Work request —
Among the entries that follow, the required portion opens with the line containing "with assms show" and closes with the line containing "(pderiv f) <". Give that portion again exactly, and nothing else.

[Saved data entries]
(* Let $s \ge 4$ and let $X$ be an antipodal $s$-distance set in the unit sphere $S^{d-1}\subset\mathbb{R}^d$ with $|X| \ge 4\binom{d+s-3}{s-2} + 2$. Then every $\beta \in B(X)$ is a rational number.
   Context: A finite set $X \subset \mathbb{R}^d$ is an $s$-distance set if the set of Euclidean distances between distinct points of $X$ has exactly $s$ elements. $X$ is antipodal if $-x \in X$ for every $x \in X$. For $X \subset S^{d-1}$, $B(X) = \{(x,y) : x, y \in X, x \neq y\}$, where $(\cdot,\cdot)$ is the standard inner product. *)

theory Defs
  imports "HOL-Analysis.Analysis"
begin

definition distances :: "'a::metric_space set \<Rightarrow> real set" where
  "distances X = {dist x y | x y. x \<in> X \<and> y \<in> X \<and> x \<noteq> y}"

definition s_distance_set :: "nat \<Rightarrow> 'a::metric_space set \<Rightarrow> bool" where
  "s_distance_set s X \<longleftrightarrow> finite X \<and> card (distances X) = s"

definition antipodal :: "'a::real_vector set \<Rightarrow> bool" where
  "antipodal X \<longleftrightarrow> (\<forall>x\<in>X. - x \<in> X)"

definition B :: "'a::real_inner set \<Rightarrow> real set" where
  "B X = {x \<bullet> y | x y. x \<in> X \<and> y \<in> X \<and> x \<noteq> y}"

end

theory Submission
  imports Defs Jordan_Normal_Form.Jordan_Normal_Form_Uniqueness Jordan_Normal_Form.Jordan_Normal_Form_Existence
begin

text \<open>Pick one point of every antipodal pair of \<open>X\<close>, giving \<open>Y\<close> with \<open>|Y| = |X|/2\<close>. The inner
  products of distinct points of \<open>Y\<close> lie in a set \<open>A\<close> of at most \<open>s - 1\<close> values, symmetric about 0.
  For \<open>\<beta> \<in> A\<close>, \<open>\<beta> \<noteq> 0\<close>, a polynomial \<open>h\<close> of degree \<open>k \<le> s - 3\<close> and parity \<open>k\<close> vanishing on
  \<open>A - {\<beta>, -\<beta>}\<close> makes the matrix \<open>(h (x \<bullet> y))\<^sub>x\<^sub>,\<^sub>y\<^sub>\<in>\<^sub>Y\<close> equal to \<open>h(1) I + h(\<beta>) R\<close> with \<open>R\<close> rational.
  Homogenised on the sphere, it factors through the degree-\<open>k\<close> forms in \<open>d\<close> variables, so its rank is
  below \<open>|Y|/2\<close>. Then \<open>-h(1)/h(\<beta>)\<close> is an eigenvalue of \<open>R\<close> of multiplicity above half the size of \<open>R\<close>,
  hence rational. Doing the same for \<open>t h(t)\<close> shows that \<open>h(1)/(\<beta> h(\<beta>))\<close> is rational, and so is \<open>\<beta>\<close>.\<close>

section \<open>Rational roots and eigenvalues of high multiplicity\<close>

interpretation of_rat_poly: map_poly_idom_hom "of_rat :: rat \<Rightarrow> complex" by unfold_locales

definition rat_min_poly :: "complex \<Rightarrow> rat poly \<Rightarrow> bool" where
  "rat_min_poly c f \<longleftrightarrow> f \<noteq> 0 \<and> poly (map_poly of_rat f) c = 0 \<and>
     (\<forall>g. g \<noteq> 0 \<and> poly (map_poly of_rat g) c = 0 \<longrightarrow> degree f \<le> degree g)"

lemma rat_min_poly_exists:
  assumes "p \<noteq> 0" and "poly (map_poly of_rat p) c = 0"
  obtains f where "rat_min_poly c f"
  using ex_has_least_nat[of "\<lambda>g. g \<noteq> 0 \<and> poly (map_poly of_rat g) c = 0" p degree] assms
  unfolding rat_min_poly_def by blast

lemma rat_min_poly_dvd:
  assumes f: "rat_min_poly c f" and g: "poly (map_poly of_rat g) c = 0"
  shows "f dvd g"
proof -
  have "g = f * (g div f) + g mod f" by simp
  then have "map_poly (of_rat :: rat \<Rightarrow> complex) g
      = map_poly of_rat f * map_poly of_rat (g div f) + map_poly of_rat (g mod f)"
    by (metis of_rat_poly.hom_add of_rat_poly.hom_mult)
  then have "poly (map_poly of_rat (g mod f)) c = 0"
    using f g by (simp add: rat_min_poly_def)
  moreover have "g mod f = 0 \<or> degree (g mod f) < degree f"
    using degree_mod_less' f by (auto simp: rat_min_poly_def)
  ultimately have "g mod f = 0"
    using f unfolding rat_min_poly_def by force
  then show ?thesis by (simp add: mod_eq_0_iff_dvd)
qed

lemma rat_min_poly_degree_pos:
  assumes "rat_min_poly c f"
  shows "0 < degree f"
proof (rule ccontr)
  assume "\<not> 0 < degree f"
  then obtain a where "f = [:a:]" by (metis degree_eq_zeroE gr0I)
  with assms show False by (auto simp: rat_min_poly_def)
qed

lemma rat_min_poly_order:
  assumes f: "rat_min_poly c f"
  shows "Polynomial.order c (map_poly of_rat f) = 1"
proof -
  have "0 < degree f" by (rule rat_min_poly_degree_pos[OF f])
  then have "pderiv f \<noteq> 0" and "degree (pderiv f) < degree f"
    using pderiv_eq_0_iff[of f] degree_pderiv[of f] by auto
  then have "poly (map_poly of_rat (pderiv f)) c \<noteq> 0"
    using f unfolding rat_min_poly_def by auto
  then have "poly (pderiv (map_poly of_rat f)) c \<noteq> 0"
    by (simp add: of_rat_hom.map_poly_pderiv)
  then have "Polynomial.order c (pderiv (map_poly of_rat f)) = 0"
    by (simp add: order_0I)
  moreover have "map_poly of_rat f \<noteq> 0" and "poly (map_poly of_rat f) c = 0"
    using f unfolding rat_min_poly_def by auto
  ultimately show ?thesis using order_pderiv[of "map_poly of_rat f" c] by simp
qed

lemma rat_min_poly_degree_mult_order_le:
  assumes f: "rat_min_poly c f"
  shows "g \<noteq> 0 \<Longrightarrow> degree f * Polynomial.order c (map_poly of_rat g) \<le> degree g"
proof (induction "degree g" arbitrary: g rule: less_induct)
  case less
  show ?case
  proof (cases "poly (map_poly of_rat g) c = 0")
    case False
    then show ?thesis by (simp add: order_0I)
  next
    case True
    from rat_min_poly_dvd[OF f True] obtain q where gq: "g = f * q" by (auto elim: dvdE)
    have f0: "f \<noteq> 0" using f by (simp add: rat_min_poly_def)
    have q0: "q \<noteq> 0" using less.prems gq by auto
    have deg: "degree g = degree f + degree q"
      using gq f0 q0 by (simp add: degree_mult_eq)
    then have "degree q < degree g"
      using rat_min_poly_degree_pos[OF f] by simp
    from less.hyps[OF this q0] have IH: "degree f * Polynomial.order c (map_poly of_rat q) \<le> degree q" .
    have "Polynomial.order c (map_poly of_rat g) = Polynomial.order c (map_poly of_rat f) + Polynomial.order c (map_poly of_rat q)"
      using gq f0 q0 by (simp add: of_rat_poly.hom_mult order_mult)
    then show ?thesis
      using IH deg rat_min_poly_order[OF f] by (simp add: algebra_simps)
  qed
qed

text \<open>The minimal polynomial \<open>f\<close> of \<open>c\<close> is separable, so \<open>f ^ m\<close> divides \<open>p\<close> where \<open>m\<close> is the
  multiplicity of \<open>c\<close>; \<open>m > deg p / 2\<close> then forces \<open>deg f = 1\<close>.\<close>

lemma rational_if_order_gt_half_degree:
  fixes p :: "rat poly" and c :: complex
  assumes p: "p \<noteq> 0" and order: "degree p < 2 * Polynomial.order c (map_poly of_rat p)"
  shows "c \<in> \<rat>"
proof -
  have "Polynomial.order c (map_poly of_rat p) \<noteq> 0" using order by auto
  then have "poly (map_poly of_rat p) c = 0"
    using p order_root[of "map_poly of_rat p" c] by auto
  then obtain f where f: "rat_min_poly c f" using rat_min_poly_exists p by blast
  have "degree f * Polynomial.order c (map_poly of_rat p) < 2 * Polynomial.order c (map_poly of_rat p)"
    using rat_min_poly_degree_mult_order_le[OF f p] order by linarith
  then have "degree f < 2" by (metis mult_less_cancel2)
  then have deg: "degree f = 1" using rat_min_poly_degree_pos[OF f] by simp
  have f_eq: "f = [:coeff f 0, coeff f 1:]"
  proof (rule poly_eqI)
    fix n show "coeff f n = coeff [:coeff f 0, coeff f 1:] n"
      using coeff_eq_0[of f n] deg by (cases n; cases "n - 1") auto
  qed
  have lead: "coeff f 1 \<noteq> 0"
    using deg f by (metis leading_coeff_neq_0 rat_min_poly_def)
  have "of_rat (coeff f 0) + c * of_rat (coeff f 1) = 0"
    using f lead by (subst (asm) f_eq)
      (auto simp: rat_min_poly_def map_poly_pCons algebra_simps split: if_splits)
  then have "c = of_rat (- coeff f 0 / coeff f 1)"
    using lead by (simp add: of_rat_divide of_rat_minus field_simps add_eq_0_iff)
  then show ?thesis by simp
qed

Answer for this exercise —
  with assms show False by (auto simp: rat_min_poly_def)
qed

lemma rat_min_poly_order:
  assumes f: "rat_min_poly c f"
  shows "Polynomial.order c (map_poly of_rat f) = 1"
proof -
  have "0 < degree f" by (rule rat_min_poly_degree_pos[OF f])
  then have "pderiv f \<noteq> 0" and "degree (pderiv f) < degree f"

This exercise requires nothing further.